We have also considered whether § 8128(b) can be construed to embody a congressional determination that the possible risks of precluding all further judicial review are outweighed by the desire to free disability claimants from the costs of additional litigation against the Government. We find nothing in the language of the statute or its legislative history to support a conclusion that Congress made such a determination. Moreover, since our holding does not entail a re-litigation of issues already presented to and resolved by the OWCP, (see supra pp. 6-7), any concern about overburdening a disability claimant is mitigated.
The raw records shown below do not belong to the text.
lemma norm_dir_deriv_minus_self: "norm_dir_deriv x (- x) = - norm x"
proof (rule antisym)
  have "x + (1/2) *\<^sub>R (- x) = (1 - 1/2) *\<^sub>R x"
    by (simp only: scaleR_diff_left scaleR_one scaleR_minus_right) simp
  then have "norm_slope x (- x) (1/2) = - norm x"
    by (simp add: norm_slope_def)
  then show "norm_dir_deriv x (- x) \<le> - norm x"
    using norm_dir_deriv_le_slope[of "1/2" x "- x"] by simp
  show "- norm x \<le> norm_dir_deriv x (- x)" using norm_dir_deriv_ge[of "- x" x] by simp
qed

lemma norm_dir_deriv_scaleR_self: "norm_dir_deriv x (c *\<^sub>R x) = c * norm x"
proof (cases "c \<ge> 0")
  case True
  then show ?thesis by (simp add: norm_dir_deriv_scaleR_nonneg norm_dir_deriv_self)
next
  case False
  then have "norm_dir_deriv x ((- c) *\<^sub>R (- x)) = (- c) * norm_dir_deriv x (- x)"
    by (intro norm_dir_deriv_scaleR_nonneg) simp
  then show ?thesis by (simp add: norm_dir_deriv_minus_self)
qed

lemma norm_dir_deriv_add_scaleR_self:
  "norm_dir_deriv x (h + c *\<^sub>R x) = norm_dir_deriv x h + c * norm x"
proof (rule antisym)
  show "norm_dir_deriv x (h + c *\<^sub>R x) \<le> norm_dir_deriv x h + c * norm x"
    using norm_dir_deriv_add_le[of x h "c *\<^sub>R x"] by (simp add: norm_dir_deriv_scaleR_self)
  have "norm_dir_deriv x h = norm_dir_deriv x ((h + c *\<^sub>R x) + (- c) *\<^sub>R x)" by simp
  also have "\<dots> \<le> norm_dir_deriv x (h + c *\<^sub>R x) + norm_dir_deriv x ((- c) *\<^sub>R x)"
    by (rule norm_dir_deriv_add_le)
  also have "\<dots> = norm_dir_deriv x (h + c *\<^sub>R x) - c * norm x"
    by (simp only: norm_dir_deriv_scaleR_self)
  finally show "norm_dir_deriv x h + c * norm x \<le> norm_dir_deriv x (h + c *\<^sub>R x)"
    by simp
qed

lemma norm_dir_deriv_minus_ge: "- norm_dir_deriv x h \<le> norm_dir_deriv x (- h)"
  using norm_dir_deriv_add_le[of x h "- h"] by simp

section \<open>Differentiability of the norm\<close>

lemma bounded_linear_norm_dir_deriv:
  assumes odd: "\<And>h. norm_dir_deriv x (- h) = - norm_dir_deriv x h"
  shows "bounded_linear (norm_dir_deriv x)"
proof (rule bounded_linear_intro[where K=1])
  show add: "norm_dir_deriv x (a + b) = norm_dir_deriv x a + norm_dir_deriv x b" for a b
  proof (rule antisym)
    show "norm_dir_deriv x (a + b) \<le> norm_dir_deriv x a + norm_dir_deriv x b"
      by (rule norm_dir_deriv_add_le)
    have "norm_dir_deriv x (- a + - b) \<le> norm_dir_deriv x (- a) + norm_dir_deriv x (- b)"
      by (rule norm_dir_deriv_add_le)
    then show "norm_dir_deriv x a + norm_dir_deriv x b \<le> norm_dir_deriv x (a + b)"
      using odd[of "a + b"] by (simp add: odd)
  qed
  show "norm_dir_deriv x (c *\<^sub>R h) = c *\<^sub>R norm_dir_deriv x h" for c h
  proof (cases "c \<ge> 0")
    case True
    then show ?thesis by (simp add: norm_dir_deriv_scaleR_nonneg)
  next
    case False
    then have "norm_dir_deriv x ((- c) *\<^sub>R (- h)) = (- c) * norm_dir_deriv x (- h)"
      by (intro norm_dir_deriv_scaleR_nonneg) simp
    then show ?thesis by (simp add: odd)
  qed
  show "norm (norm_dir_deriv x h) \<le> norm h * 1" for h
    using norm_add_scaleR_ge_dir_deriv[of 1 x h] norm_triangle_ineq[of x h] norm_dir_deriv_ge[of h x]
    by simp
qed

lemma norm_remainder_le_average:
  fixes D :: "'a::real_normed_vector \<Rightarrow> real"
  assumes "finite B" "B \<noteq> {}" "linear D"
  defines "n \<equiv> real (card B)"
  shows "norm (x + (\<Sum>b\<in>B. f b)) - norm x - D (\<Sum>b\<in>B. f b)
    \<le> (\<Sum>b\<in>B. norm (x + n *\<^sub>R f b) - norm x - D (n *\<^sub>R f b)) / n"
proof -
  have n: "n > 0" using assms by (simp add: n_def card_gt_0_iff)
  have "x + (\<Sum>b\<in>B. f b) = (\<Sum>b\<in>B. (1/n) *\<^sub>R (x + n *\<^sub>R f b))"
    using n by (simp add: sum.distrib scaleR_add_right n_def flip: scaleR_sum_left)
  then have "norm (x + (\<Sum>b\<in>B. f b)) \<le> (\<Sum>b\<in>B. norm (x + n *\<^sub>R f b)) / n"
    using norm_sum[of "\<lambda>b. (1/n) *\<^sub>R (x + n *\<^sub>R f b)" B] n
    by (simp add: sum_divide_distrib)
  moreover have "D (\<Sum>b\<in>B. f b) = (\<Sum>b\<in>B. D (n *\<^sub>R f b)) / n"
    using n linear_sum[OF assms(3)] linear_scale[OF assms(3)] by (simp add: sum_divide_distrib)
  moreover have "norm x = (\<Sum>b\<in>B. norm x) / n" using n by (simp add: n_def)
  ultimately show ?thesis by (simp add: sum_subtractf diff_divide_distrib)
qed

lemma norm_remainder_along_line:
  assumes lin: "linear (norm_dir_deriv x)" and "\<eta> > 0"
  shows "\<forall>\<^sub>F s in nhds 0.
    norm (x + s *\<^sub>R b) - norm x - norm_dir_deriv x (s *\<^sub>R b) \<le> \<eta> * \<bar>s\<bar>"
proof -
  have one_sided: "\<exists>\<tau>>0. \<forall>s. 0 < s \<and> s < \<tau> \<longrightarrow>
    norm (x + s *\<^sub>R h) - norm x - norm_dir_deriv x (s *\<^sub>R h) \<le> \<eta> * s" for h
  proof -
    obtain \<tau> where "\<tau> > 0" and \<tau>: "\<forall>s. 0 < s \<and> s < \<tau> \<longrightarrow> norm_slope x h s < norm_dir_deriv x h + \<eta>"
      using norm_slope_eventually_less[OF \<open>\<eta> > 0\<close>] by blast
    have "norm (x + s *\<^sub>R h) - norm x - norm_dir_deriv x (s *\<^sub>R h) \<le> \<eta> * s"
      if "0 < s" "s < \<tau>" for s
    proof -
      have "s * norm_slope x h s \<le> s * (norm_dir_deriv x h + \<eta>)"
        using \<tau> that by (intro mult_left_mono) auto
      moreover have "s * norm_slope x h s = norm (x + s *\<^sub>R h) - norm x"
        using that by (simp add: norm_slope_def)
      ultimately show ?thesis
        using linear_scale[OF lin, of s h] by (simp add: algebra_simps)
    qed
    with \<open>\<tau> > 0\<close> show ?thesis by blast
  qed
  obtain \<tau>1 where "\<tau>1 > 0" and \<tau>1: "\<forall>s. 0 < s \<and> s < \<tau>1 \<longrightarrow>
      norm (x + s *\<^sub>R b) - norm x - norm_dir_deriv x (s *\<^sub>R b) \<le> \<eta> * s"
    using one_sided by blast
  obtain \<tau>2 where "\<tau>2 > 0" and \<tau>2: "\<forall>s. 0 < s \<and> s < \<tau>2 \<longrightarrow>
      norm (x + s *\<^sub>R - b) - norm x - norm_dir_deriv x (s *\<^sub>R - b) \<le> \<eta> * s"
    using one_sided by blast
  have "norm (x + s *\<^sub>R b) - norm x - norm_dir_deriv x (s *\<^sub>R b) \<le> \<eta> * \<bar>s\<bar>"
    if "\<bar>s\<bar> < min \<tau>1 \<tau>2" for s
  proof -
    consider "s > 0" | "s = 0" | "s < 0" by linarith
    then show ?thesis
    proof cases
      case 3
      then show ?thesis using \<tau>2[rule_format, of "- s"] that by simp
    qed (use \<tau>1 that in auto)
  qed
  moreover have "min \<tau>1 \<tau>2 > 0" using \<open>\<tau>1 > 0\<close> \<open>\<tau>2 > 0\<close> by simp
  ultimately show ?thesis
    unfolding eventually_nhds_metric dist_real_def by (intro exI[of _ "min \<tau>1 \<tau>2"]) simp
qed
For the aforementioned reasons, we find that § 8128(b) does not bar the Court from reviewing the Government's claims under the False Claims Act. The Court reserves judgment on the effect of § 8128(b) on the federal common law claims, since, as the Government itself points out, the issue will become moot if the Government receives the full measure of recovery under the False Claims Act. See United States v. Davis, 809 F.2d 1509, 1511 n.3 (11th Cir. 1987); see also Gov't Mem II at 5. The Court is hesitant to make unnecessary rulings which have precedential effect based on an unusual set of facts. Should the Government's motion for summary judgment on the False Claims Act be denied, the Court will decide the remaining jurisdictional issues at that time.
II. Defendant's Cross-Motion Pursuant to Fed. R. Civ. P. 12(b)(6)
Defendant, in his 12(b)(6) cross-motion, appears to argue that the Government's complaint should be dismissed because an employee's purported deception to secure employment will not necessarily disqualify the employee from receipt of workers' compensation benefits. (See Def. Mem. I at 5-6.) We deny this cross-motion. Defendant's argument that he may be entitled to benefits despite any alleged falsification is misplaced. Such a determination lies entirely within the realm of the OWCP. Since the Government's claims will only proceed to the extent that the Court can avoid a re-evaluation of OWCP's determinations, the issue of whether Mr. Carpentieri should continue to receive benefits has no bearing on the instant motion to dismiss.
III. Summary Judgment and Damages
Only cursory treatment was given to the complex issue of damages in the Defendant's briefs. Perhaps this was due to a confidence in the outcome on the jurisdictional question which now has been proven unfounded. For this reason, we request that both parties provide the Court with supplemental briefs on the issue of damages within thirty days of the date of this opinion. Papers should include a briefing on how the following may effect the determination of damages: (a) § 8128(b)'s door-closing provision; and (b) the OWCP's continuing determination that the Defendant is entitled to FECA benefits. Briefs are not, however, limited to these aspects of the issue of damages. The Government should also clarify whether or not it seeks compensation for medical benefits paid to the Defendant.
As the issue of injury to the Government is intertwined with several of the Government's claims, we postpone decision on the summary judgment motion until the Court receives the requested briefs.